_INFORMATION SUPPLIED_
subsection \<open>The packing bound\<close>

lemma translate_S_ball_in_cube:
  assumes "c \<in> cube m k" and "s \<in> S_ball m a b"
  shows "(\<lambda>i. c i + s i) \<in> cube m (k + max a b)"
  using assms S_ball_subset_cube[of m a b] unfolding cube_def zvec_def by fastforce

lemma S_ball_translates_disjoint:
  assumes min_dist: "dist_a_separated m C d"
    and "int a + int b < d" and "c \<in> C" "c' \<in> C" "c \<noteq> c'"
  shows "(\<lambda>s i. c i + s i) ` S_ball m a b \<inter> (\<lambda>s i. c' i + s i) ` S_ball m a b = {}"
proof (rule ccontr)
  assume "\<not> ?thesis"
  then obtain s s' where s: "s \<in> S_ball m a b" and s': "s' \<in> S_ball m a b"
    and eq: "(\<lambda>i. c i + s i) = (\<lambda>i. c' i + s' i)"
    by auto
  have diff: "(\<lambda>i. c i - c' i) = (\<lambda>i. s' i - s i)"
  proof
    fix i show "c i - c' i = s' i - s i" using fun_cong[OF eq, of i] by simp
  qed
  have "dist_a m c c' \<le> int a + int b"
    using mass_diff_le[of m s' s] s s'
    unfolding dist_a_eq_max_mass diff S_ball_eq_mass_ball by auto
  moreover have "d \<le> dist_a m c c'" using min_dist assms(3-5) unfolding dist_a_separated_def by blast
  ultimately show False using assms(2) by simp
qed

lemma card_code_in_cube_mult_card_S_ball_le:
  assumes min_dist: "dist_a_separated m C d"
    and "int a + int b < d"
  shows "card (C \<inter> cube m k) * card (S_ball m a b) \<le> (2 * (k + max a b) + 1) ^ m"
proof -
  let ?D = "C \<inter> cube m k"
  let ?T = "\<lambda>c. (\<lambda>s i. c i + s i) ` S_ball m a b"
  have "card ?D * card (S_ball m a b) = (\<Sum>c\<in>?D. card (?T c))"
    by (simp add: card_image inj_on_def fun_eq_iff)
  also have "\<dots> = card (\<Union>c\<in>?D. ?T c)"
    using finite_cube[of m k] S_ball_translates_disjoint[OF assms]
    by (intro card_UN_disjoint[symmetric]) (auto simp: finite_S_ball)
  also have "\<dots> \<le> card (cube m (k + max a b))"
  proof (rule card_mono)
    show "finite (cube m (k + max a b))" by (rule finite_cube)
    show "(\<Union>c\<in>?D. ?T c) \<subseteq> cube m (k + max a b)" using translate_S_ball_in_cube by blast
  qed
  also have "\<dots> \<le> (2 * (k + max a b) + 1) ^ m"
    by (rule card_cube_le)
  finally show ?thesis .
qed

lemma enlarged_cube_ratio_tendsto_1:
  "(\<lambda>k::nat. ((2 * (real k + R) + 1) / (2 * real k + 1)) ^ m) \<longlonglongrightarrow> 1"
proof -
  have "filterlim (\<lambda>k::nat. 2 * real k + 1) at_top sequentially"
    by (rule filterlim_at_top_mono[OF filterlim_real_sequentially]) auto
  then have "(\<lambda>k::nat. 2 * R / (2 * real k + 1)) \<longlonglongrightarrow> 0"
    by (rule real_tendsto_divide_at_top[OF tendsto_const])
  then have "(\<lambda>k::nat. (1 + 2 * R / (2 * real k + 1)) ^ m) \<longlonglongrightarrow> (1 + 0) ^ m"
    by (intro tendsto_power tendsto_add tendsto_const)
  moreover have "(2 * (real k + R) + 1) / (2 * real k + 1) = 1 + 2 * R / (2 * real k + 1)"
    for k :: nat
    by (simp add: field_simps)
  ultimately show ?thesis by simp
qed
(* A square complex matrix $A$ is diagonalizable by *congruence (i.e. $R^*AR$ is diagonal for some nonsingular $R$) if and only if both of the following hold: (a) $A$ and $A^*$ have the same null space; (b) the *cosquare $B^{-*}B$ of the regular part $B$ of $A$ is diagonalizable and all its eigenvalues have modulus one.
   Context: The *cosquare of a nonsingular matrix $B$ is $B^{-*}B$, where $B^{-*}=(B^{-1})^*$. Every square complex matrix $A$ is *congruent to a direct sum $B\oplus J_{r_1}(0)\oplus\cdots\oplus J_{r_p}(0)$ with $B$ nonsingular and $J_r(0)$ the $r\times r$ nilpotent Jordan block; this direct sum is uniquely determined up to permutation of the singular summands and replacement of $B$ by a matrix *congruent to it. Such a $B$ is called the regular part of $A$ (its *congruence class, hence the similarity class of its *cosquare, is uniquely determined by $A$). *)

theory Defs
  imports "Jordan_Normal_Form.Jordan_Normal_Form" "Jordan_Normal_Form.Schur_Decomposition"
    "Jordan_Normal_Form.Matrix_Kernel"
begin

text \<open>Conjugate transpose A^* is mat_adjoint (Schur_Decomposition).\<close>

definition star_congruent :: "complex mat \<Rightarrow> complex mat \<Rightarrow> bool" where
  "star_congruent A C \<longleftrightarrow> (\<exists>S. S \<in> carrier_mat (dim_row C) (dim_row C) \<and> invertible_mat S
      \<and> A = mat_adjoint S * C * S)"

definition diagonalizable_by_star_congruence :: "complex mat \<Rightarrow> bool" where
  "diagonalizable_by_star_congruence A \<longleftrightarrow>
     (\<exists>R. R \<in> carrier_mat (dim_row A) (dim_row A) \<and> invertible_mat R
        \<and> diagonal_mat (mat_adjoint R * A * R))"

definition regular_part :: "complex mat \<Rightarrow> complex mat \<Rightarrow> bool" where
  "regular_part A B \<longleftrightarrow> square_mat B \<and> invertible_mat B \<and>
     (\<exists>rs. (\<forall>r\<in>set rs. r > 0) \<and>
        star_congruent A (diag_block_mat (B # map (\<lambda>r. jordan_block r 0) rs)))"

definition mat_inv :: "complex mat \<Rightarrow> complex mat" where
  "mat_inv B = (SOME C. inverts_mat B C \<and> inverts_mat C B)"

definition cosquare :: "complex mat \<Rightarrow> complex mat" where
  "cosquare B = mat_adjoint (mat_inv B) * B"

definition diagonalizable_mat :: "complex mat \<Rightarrow> bool" where
  "diagonalizable_mat C \<longleftrightarrow> (\<exists>D. D \<in> carrier_mat (dim_row C) (dim_row C) \<and> diagonal_mat D
      \<and> similar_mat C D)"

end

theory Submission
  imports Defs
begin

text \<open>The *cosquare is the invariant that makes the regular part tractable: it transforms by
  similarity, \<open>(R\<^sup>* B R)\<^sup>-\<^sup>* (R\<^sup>* B R) = R\<^sup>-\<^sup>1 (B\<^sup>-\<^sup>* B) R\<close>, and for a nonsingular diagonal
  matrix it is diagonal with the unimodular entries \<open>\<delta>\<^sub>i / cnj \<delta>\<^sub>i\<close>. This gives the necessity of (b);
  (a) is necessary because it holds for diagonal matrices and survives *congruence, and it forces
  the nilpotent Jordan blocks of a *congruence canonical form to vanish.

  Conversely, if \<open>B\<^sup>-\<^sup>* B = P D P\<^sup>-\<^sup>1\<close> with \<open>D\<close> diagonal and unimodular, then \<open>C = P\<^sup>* B P\<close>
  satisfies \<open>C = C\<^sup>* D\<close>, i.e. \<open>c\<^sub>i\<^sub>j = d\<^sub>j cnj c\<^sub>j\<^sub>i\<close>. Such "twisted Hermitian" matrices are
  diagonalized by *congruence through symmetric Gaussian elimination, as Hermitian ones are; a
  transvection creates a nonzero pivot when the diagonal vanishes. Finally, under (a) one
  diagonalizes the Hermitian matrix \<open>A\<^sup>* A\<close> by *congruence; the columns with zero diagonal entry
  span the kernel of \<open>A\<close>, which exhibits \<open>A\<close> as *congruent to \<open>B \<oplus> 0\<close> with \<open>B\<close> nonsingular.\<close>

lemma sum_lessThan_single:
  fixes g :: "nat \<Rightarrow> 'a :: comm_monoid_add"
  assumes "i < n" "\<And>k. k < n \<Longrightarrow> k \<noteq> i \<Longrightarrow> g k = 0"
  shows "(\<Sum>k<n. g k) = g i"
  using sum.mono_neutral_right[of "{..<n}" "{i}" g] assms by auto
(* For every $d\geq1$ and $\delta>0$ there is a constant $C(d,\delta)$ such that: for every box $B=\prod_{k=1}^d[a_k,b_k]\subset\mathbb{R}^d$, every integer $n\geq1$, and every measure $\mu$ with density $h$ w.r.t. Lebesgue measure satisfying $\delta\leq h\leq\delta^{-1}$ (on $B$), there exists a partition $(B_1,\dots,B_n)$ of $B$ into $n$ sub-boxes such that $\mu(B_i)=\frac1n\mu(B)$ for all $i$, and $$\frac{l(B)}{C(d,\delta)n^{1/d}}\leq l(B_i)\leq L(B_i)\leq\frac{C(d,\delta)}{n^{1/d}}L(B)\quad\text{for all }i.$$
   Context: For a box $B=\prod_{k=1}^d[a_k,b_k]$, $l(B)=\min_k(b_k-a_k)$ and $L(B)=\max_k(b_k-a_k)$ are its minimal and maximal edge lengths. Sub-boxes forming a partition may share boundary faces (of Lebesgue measure zero). *)

theory Defs
  imports "HOL-Analysis.Analysis"
begin

definition min_edge :: "real^'d \<Rightarrow> real^'d \<Rightarrow> real" where
  "min_edge a b = Min (range (\<lambda>k. b$k - a$k))"

definition max_edge :: "real^'d \<Rightarrow> real^'d \<Rightarrow> real" where
  "max_edge a b = Max (range (\<lambda>k. b$k - a$k))"

end

theory Submission
  imports Defs
begin

text \<open>
  Cut the box by a hyperplane orthogonal to a longest edge, at the position where the two
  pieces carry the fractions \<open>\<lfloor>n/2\<rfloor>/n\<close> and \<open>\<lceil>n/2\<rceil>/n\<close> of the measure, and partition the
  pieces recursively into \<open>\<lfloor>n/2\<rfloor>\<close> and \<open>\<lceil>n/2\<rceil>\<close> boxes. Both fractions lie in \<open>[1/3, 2/3]\<close>,
  and since \<open>\<delta> \<le> h \<le> 1/\<delta>\<close> the measure of a slab is comparable to its volume, so every cut
  stays at distance at least \<open>\<delta>\<^sup>2/3\<close> times the longest edge from both faces. Inductively, each
  edge of a final box is either an edge of \<open>B\<close> or at least \<open>\<delta>\<^sup>2/3\<close> times the longest edge of
  that box. A final box has volume within a factor \<open>\<delta>\<^sup>2\<close> of \<open>vol(B)/n\<close>, and comparing
  volumes with this edge structure gives both edge bounds with \<open>C = 3/\<delta>\<^sup>4\<close>.
\<close>

section \<open>Edges of boxes\<close>

lemma max_edge_ge: "b$k - a$k \<le> max_edge a b"
  unfolding max_edge_def by (rule Max_ge) auto

lemma max_edge_attained: "\<exists>k. max_edge a b = b$k - a$k"
proof -
  have "max_edge a b \<in> range (\<lambda>k. b$k - a$k)"
    unfolding max_edge_def by (rule Max_in) auto
  then show ?thesis by auto
qed

lemma min_edge_le: "min_edge a b \<le> b$k - a$k"
  unfolding min_edge_def by (rule Min_le) auto

lemma min_edge_attained: "\<exists>k. min_edge a b = b$k - a$k"
proof -
  have "min_edge a b \<in> range (\<lambda>k. b$k - a$k)"
    unfolding min_edge_def by (rule Min_in) auto
  then show ?thesis by auto
qed

lemma min_edge_le_max_edge: "min_edge a b \<le> max_edge a b"
  by (rule order_trans[OF min_edge_le max_edge_ge])

lemma max_edge_mono:
  fixes a b c e :: "real^'d"
  assumes "\<forall>k. c$k \<le> e$k" and "cbox c e \<subseteq> cbox a b"
  shows "max_edge c e \<le> max_edge a b"
proof -
  have "\<forall>k. a$k \<le> c$k \<and> e$k \<le> b$k"
    using assms subset_interval_cart(1) by blast
  moreover obtain k where "max_edge c e = e$k - c$k" using max_edge_attained by blast
  ultimately have "max_edge c e \<le> b$k - a$k" by (metis add_mono diff_mono)
  also have "\<dots> \<le> max_edge a b" by (rule max_edge_ge)
  finally show ?thesis .
qed

lemma max_edge_pos: "\<forall>k. a$k < b$k \<Longrightarrow> 0 < max_edge a b"
  using max_edge_ge[of b undefined a] by (metis diff_gt_0_iff_gt less_le_trans)

lemma min_edge_pos: "\<forall>k. a$k < b$k \<Longrightarrow> 0 < min_edge a b"
  using min_edge_attained[of a b] by (metis diff_gt_0_iff_gt)

lemma min_edge_power_le_prod:
  fixes a b :: "real^'d"
  assumes "\<forall>k. a$k < b$k"
  shows "min_edge a b ^ CARD('d) \<le> (\<Prod>k\<in>UNIV. b$k - a$k)"
proof -
  have "(\<Prod>k\<in>(UNIV::'d set). min_edge a b) \<le> (\<Prod>k\<in>UNIV. b$k - a$k)"
    using min_edge_pos[OF assms] by (intro prod_mono) (simp add: min_edge_le)
  then show ?thesis by simp
qed

lemma prod_le_max_edge_power:
  fixes c e :: "real^'d"
  assumes "\<forall>k. c$k \<le> e$k"
  shows "(\<Prod>k\<in>UNIV. e$k - c$k) \<le> max_edge c e ^ CARD('d)"
proof -
  have "(\<Prod>k\<in>UNIV. e$k - c$k) \<le> (\<Prod>k\<in>(UNIV::'d set). max_edge c e)"
    using assms by (intro prod_mono) (simp add: max_edge_ge)
  then show ?thesis by simp
qed

section \<open>Cutting a box along one coordinate\<close>

definition vec_upd :: "'a^'n \<Rightarrow> 'n \<Rightarrow> 'a \<Rightarrow> 'a^'n" where
  "vec_upd v j t = (\<chi> k. if k = j then t else v$k)"

lemma vec_upd_nth [simp]: "vec_upd v j t $ k = (if k = j then t else v$k)"
  unfolding vec_upd_def by simp

lemma vec_upd_same [simp]: "vec_upd v j (v$j) = v"
  by (simp add: vec_eq_iff)

lemma vec_upd_vec_upd [simp]: "vec_upd (vec_upd v j t) j s = vec_upd v j s"
  by (simp add: vec_eq_iff)

lemma cbox_vec_upd_subset:
  fixes a b :: "real^'d"
  assumes "a$j \<le> s" "t \<le> b$j"
  shows "cbox (vec_upd a j s) (vec_upd b j t) \<subseteq> cbox a b"
  using assms by (intro subset_interval_imp_cart(1)) auto

lemma cbox_split_coordinate:
  fixes a b :: "real^'d"
  assumes "a$j \<le> s" "s \<le> b$j"
  shows "cbox a b = cbox a (vec_upd b j s) \<union> cbox (vec_upd a j s) b"
proof
  show "cbox a (vec_upd b j s) \<union> cbox (vec_upd a j s) b \<subseteq> cbox a b"
    using assms by (intro Un_least subset_interval_imp_cart(1)) auto
  show "cbox a b \<subseteq> cbox a (vec_upd b j s) \<union> cbox (vec_upd a j s) b"
  proof
    fix x assume x: "x \<in> cbox a b"
    show "x \<in> cbox a (vec_upd b j s) \<union> cbox (vec_upd a j s) b"
    proof (cases "x$j \<le> s")
      case True
      then have "x \<in> cbox a (vec_upd b j s)" using x by (simp add: mem_box_cart)
      then show ?thesis ..
    next
      case False
      then have "x \<in> cbox (vec_upd a j s) b" using x by (simp add: mem_box_cart)
      then show ?thesis ..
    qed
  qed
qed

lemma cbox_halves_Int_subset:
  fixes a b :: "real^'d"
  shows "cbox a (vec_upd b j s) \<inter> cbox (vec_upd a j s) b \<subseteq> {x. x$j = s}"
proof
  fix x assume "x \<in> cbox a (vec_upd b j s) \<inter> cbox (vec_upd a j s) b"
  then have "x$j \<le> vec_upd b j s $ j" "vec_upd a j s $ j \<le> x$j"
    unfolding Int_iff mem_box_cart by blast+
  then show "x \<in> {x. x$j = s}" by simp
qed

lemma interior_cbox_halves_disjoint:
  fixes a b :: "real^'d"
  shows "interior (cbox a (vec_upd b j s)) \<inter> interior (cbox (vec_upd a j s) b) = {}"
proof -
  have False if "x \<in> box a (vec_upd b j s)" "x \<in> box (vec_upd a j s) b" for x
  proof -
    have "x$j < vec_upd b j s $ j" "vec_upd a j s $ j < x$j"
      using that unfolding mem_box_cart by blast+
    then show False by simp
  qed
  then show ?thesis by auto
qed

lemma measure_cbox_cart:
  fixes a b :: "real^'d"
  assumes "\<forall>k. a$k \<le> b$k"
  shows "measure lebesgue (cbox a b) = (\<Prod>k\<in>UNIV. b$k - a$k)"
  using assms by (simp add: content_cbox_cart interval_ne_empty_cart)

lemma measure_cbox_vec_upd:
  fixes a b :: "real^'d"
  assumes "\<forall>k. a$k \<le> b$k" "s \<le> t"
  shows "measure lebesgue (cbox (vec_upd a j s) (vec_upd b j t)) = (t - s) * (\<Prod>k\<in>-{j}. b$k - a$k)"
proof -
  have "measure lebesgue (cbox (vec_upd a j s) (vec_upd b j t))
      = (\<Prod>k\<in>UNIV. vec_upd b j t $ k - vec_upd a j s $ k)"
    using assms by (intro measure_cbox_cart) auto
  also have "\<dots> = (\<Prod>k\<in>insert j (-{j}). vec_upd b j t $ k - vec_upd a j s $ k)"
    by (rule arg_cong[where f = "prod _"]) blast
  also have "\<dots> = (t - s) * (\<Prod>k\<in>-{j}. vec_upd b j t $ k - vec_upd a j s $ k)"
    by (subst prod.insert) auto
  also have "(\<Prod>k\<in>-{j}. vec_upd b j t $ k - vec_upd a j s $ k) = (\<Prod>k\<in>-{j}. b$k - a$k)"
    by (intro prod.cong) auto
  finally show ?thesis .
qed

section \<open>Regular sub-boxes\<close>

definition regular_subbox ::
  "real \<Rightarrow> real^'d \<Rightarrow> real^'d \<Rightarrow> real^'d \<Rightarrow> real^'d \<Rightarrow> bool" where
  "regular_subbox \<rho> a b c e \<longleftrightarrow> (\<forall>k. e$k - c$k = b$k - a$k \<or> \<rho> * max_edge c e \<le> e$k - c$k)"

lemma regular_subbox_refl: "regular_subbox \<rho> a b a b"
  by (simp add: regular_subbox_def)

lemma regular_subbox_trans_cut:
  fixes a b a' b' c e :: "real^'d"
  assumes "regular_subbox \<rho> a' b' c e" "0 \<le> \<rho>"
    and "\<forall>k. k \<noteq> j \<longrightarrow> b'$k - a'$k = b$k - a$k" "\<rho> * max_edge a b \<le> b'$j - a'$j"
    and "max_edge c e \<le> max_edge a b"
  shows "regular_subbox \<rho> a b c e"
  unfolding regular_subbox_def
proof
  fix k
  have "\<rho> * max_edge c e \<le> \<rho> * max_edge a b"
    using assms(5,2) by (rule mult_left_mono)
  moreover have "e$k - c$k = b'$k - a'$k \<or> \<rho> * max_edge c e \<le> e$k - c$k"
    using assms(1) unfolding regular_subbox_def by blast
  ultimately show "e$k - c$k = b$k - a$k \<or> \<rho> * max_edge c e \<le> e$k - c$k"
    using assms(3,4) by (cases "k = j") auto
qed

lemma regular_subbox_edges_ge:
  fixes a b c e :: "real^'d"
  assumes "regular_subbox \<rho> a b c e" "0 \<le> \<rho>" "\<rho> \<le> 1"
    and "\<forall>k. a$k < b$k" "\<forall>k. c$k < e$k" "max_edge c e \<le> max_edge a b"
  shows "\<rho> * max_edge c e / max_edge a b * (b$k - a$k) \<le> e$k - c$k"
proof -
  have LB: "0 < max_edge a b" and LP: "0 < max_edge c e" and "0 < b$k - a$k"
    using assms(4,5) max_edge_pos by auto
  have "\<rho> * max_edge c e \<le> max_edge c e"
    using assms(2,3) LP by (simp add: mult_left_le_one_le)
  then have "\<rho> * max_edge c e \<le> max_edge a b"
    using assms(6) by linarith
  then have ratio: "\<rho> * max_edge c e / max_edge a b \<le> 1"
    using LB by simp
  show ?thesis
  proof (cases "e$k - c$k = b$k - a$k")
    case True
    then show ?thesis
      using mult_right_mono[OF ratio, of "b$k - a$k"] \<open>0 < b$k - a$k\<close> by simp
  next
    case False
    then have "\<rho> * max_edge c e \<le> e$k - c$k"
      using assms(1) unfolding regular_subbox_def by blast
    moreover have "\<rho> * max_edge c e / max_edge a b * (b$k - a$k)
        \<le> \<rho> * max_edge c e / max_edge a b * max_edge a b"
      using LB LP assms(2) by (intro mult_left_mono max_edge_ge) simp
    ultimately show ?thesis
      using LB by simp
  qed
qed

lemma powr_inverse_power:
  fixes x :: real
  assumes "0 < d" "0 \<le> x"
  shows "(x powr (1 / real d)) ^ d = x"
  using assms by (simp flip: root_powr_inverse)

lemma max_edge_le_of_volume_le:
  fixes a b c e :: "real^'d"
  assumes "0 < \<rho>" "\<rho> \<le> 1" "0 < \<kappa>" "\<kappa> \<le> 1" "1 \<le> n"
    and ab: "\<forall>k. a$k < b$k" and ce: "\<forall>k. c$k < e$k" and sub: "cbox c e \<subseteq> cbox a b"
    and regular: "regular_subbox \<rho> a b c e"
    and volume: "real n * (\<Prod>k\<in>UNIV. e$k - c$k) \<le> (\<Prod>k\<in>UNIV. b$k - a$k) / \<kappa>"
  shows "max_edge c e \<le> max_edge a b / (\<rho> * \<kappa> * real n powr (1 / real CARD('d)))"
proof -
  define d where "d = CARD('d)"
  define q where "q = real n powr (1 / real d)"
  define r where "r = \<rho> * max_edge c e / max_edge a b"
  have "0 < d" unfolding d_def by simp
  have "1 \<le> q" unfolding q_def using assms(5) by (simp add: ge_one_powr_ge_zero)
  have LB: "0 < max_edge a b" and LP: "0 < max_edge c e" and vB: "0 < (\<Prod>k\<in>UNIV. b$k - a$k)"
    using ab ce max_edge_pos by (auto intro: prod_pos)
  have mono: "max_edge c e \<le> max_edge a b"
    using ce sub by (intro max_edge_mono) (auto simp: less_imp_le)
  have "0 \<le> r" unfolding r_def using assms(1) LB LP by simp
  have "r ^ d * (\<Prod>k\<in>UNIV. b$k - a$k) = (\<Prod>k\<in>UNIV. r * (b$k - a$k))"
    unfolding d_def by (simp add: prod.distrib)
  also have "\<dots> \<le> (\<Prod>k\<in>UNIV. e$k - c$k)"
  proof (rule prod_mono)
    fix k
    have "r * (b$k - a$k) \<le> e$k - c$k"
      unfolding r_def using assms(1) by (intro regular_subbox_edges_ge[OF regular _ assms(2) ab ce mono]) simp
    moreover have "0 \<le> r * (b$k - a$k)"
      using \<open>0 \<le> r\<close> ab by (simp add: less_imp_le)
    ultimately show "0 \<le> r * (b$k - a$k) \<and> r * (b$k - a$k) \<le> e$k - c$k" by blast
  qed
  finally have "r ^ d * (\<Prod>k\<in>UNIV. b$k - a$k) \<le> (\<Prod>k\<in>UNIV. e$k - c$k)" .
  then have "real n * (r ^ d * (\<Prod>k\<in>UNIV. b$k - a$k)) \<le> real n * (\<Prod>k\<in>UNIV. e$k - c$k)"
    by (rule mult_left_mono) simp
  also have "\<dots> \<le> (\<Prod>k\<in>UNIV. b$k - a$k) / \<kappa>"
    by (rule volume)
  finally have "real n * (r ^ d * (\<Prod>k\<in>UNIV. b$k - a$k)) \<le> (\<Prod>k\<in>UNIV. b$k - a$k) / \<kappa>" .
  then have "(r * q) ^ d \<le> 1 / \<kappa>"
    using vB assms(3) \<open>0 < d\<close> unfolding q_def
    by (simp add: power_mult_distrib powr_inverse_power field_simps)
  also have "\<dots> \<le> (1 / \<kappa>) ^ d"
    using assms(3,4) \<open>0 < d\<close> power_increasing[of 1 d "1 / \<kappa>"] by simp
  finally have "r * q \<le> 1 / \<kappa>"
    using \<open>0 \<le> r\<close> \<open>1 \<le> q\<close> \<open>0 < d\<close> assms(3) by (simp add: power_mono_iff)
  then have "max_edge c e * (\<rho> * \<kappa> * q) \<le> max_edge a b"
    using LB assms(3) unfolding r_def by (simp add: field_simps)
  moreover have "0 < \<rho> * \<kappa> * q"
    using assms(1,3) \<open>1 \<le> q\<close> by simp
  ultimately show ?thesis
    unfolding q_def d_def by (simp add: pos_le_divide_eq)
qed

_EXERCISE PROMPT_
Lines above that contain the string "lfloor" make up the answer.

_TASK ANSWER_
  pieces carry the fractions \<open>\<lfloor>n/2\<rfloor>/n\<close> and \<open>\<lceil>n/2\<rceil>/n\<close> of the measure, and partition the
  pieces recursively into \<open>\<lfloor>n/2\<rfloor>\<close> and \<open>\<lceil>n/2\<rceil>\<close> boxes. Both fractions lie in \<open>[1/3, 2/3]\<close>,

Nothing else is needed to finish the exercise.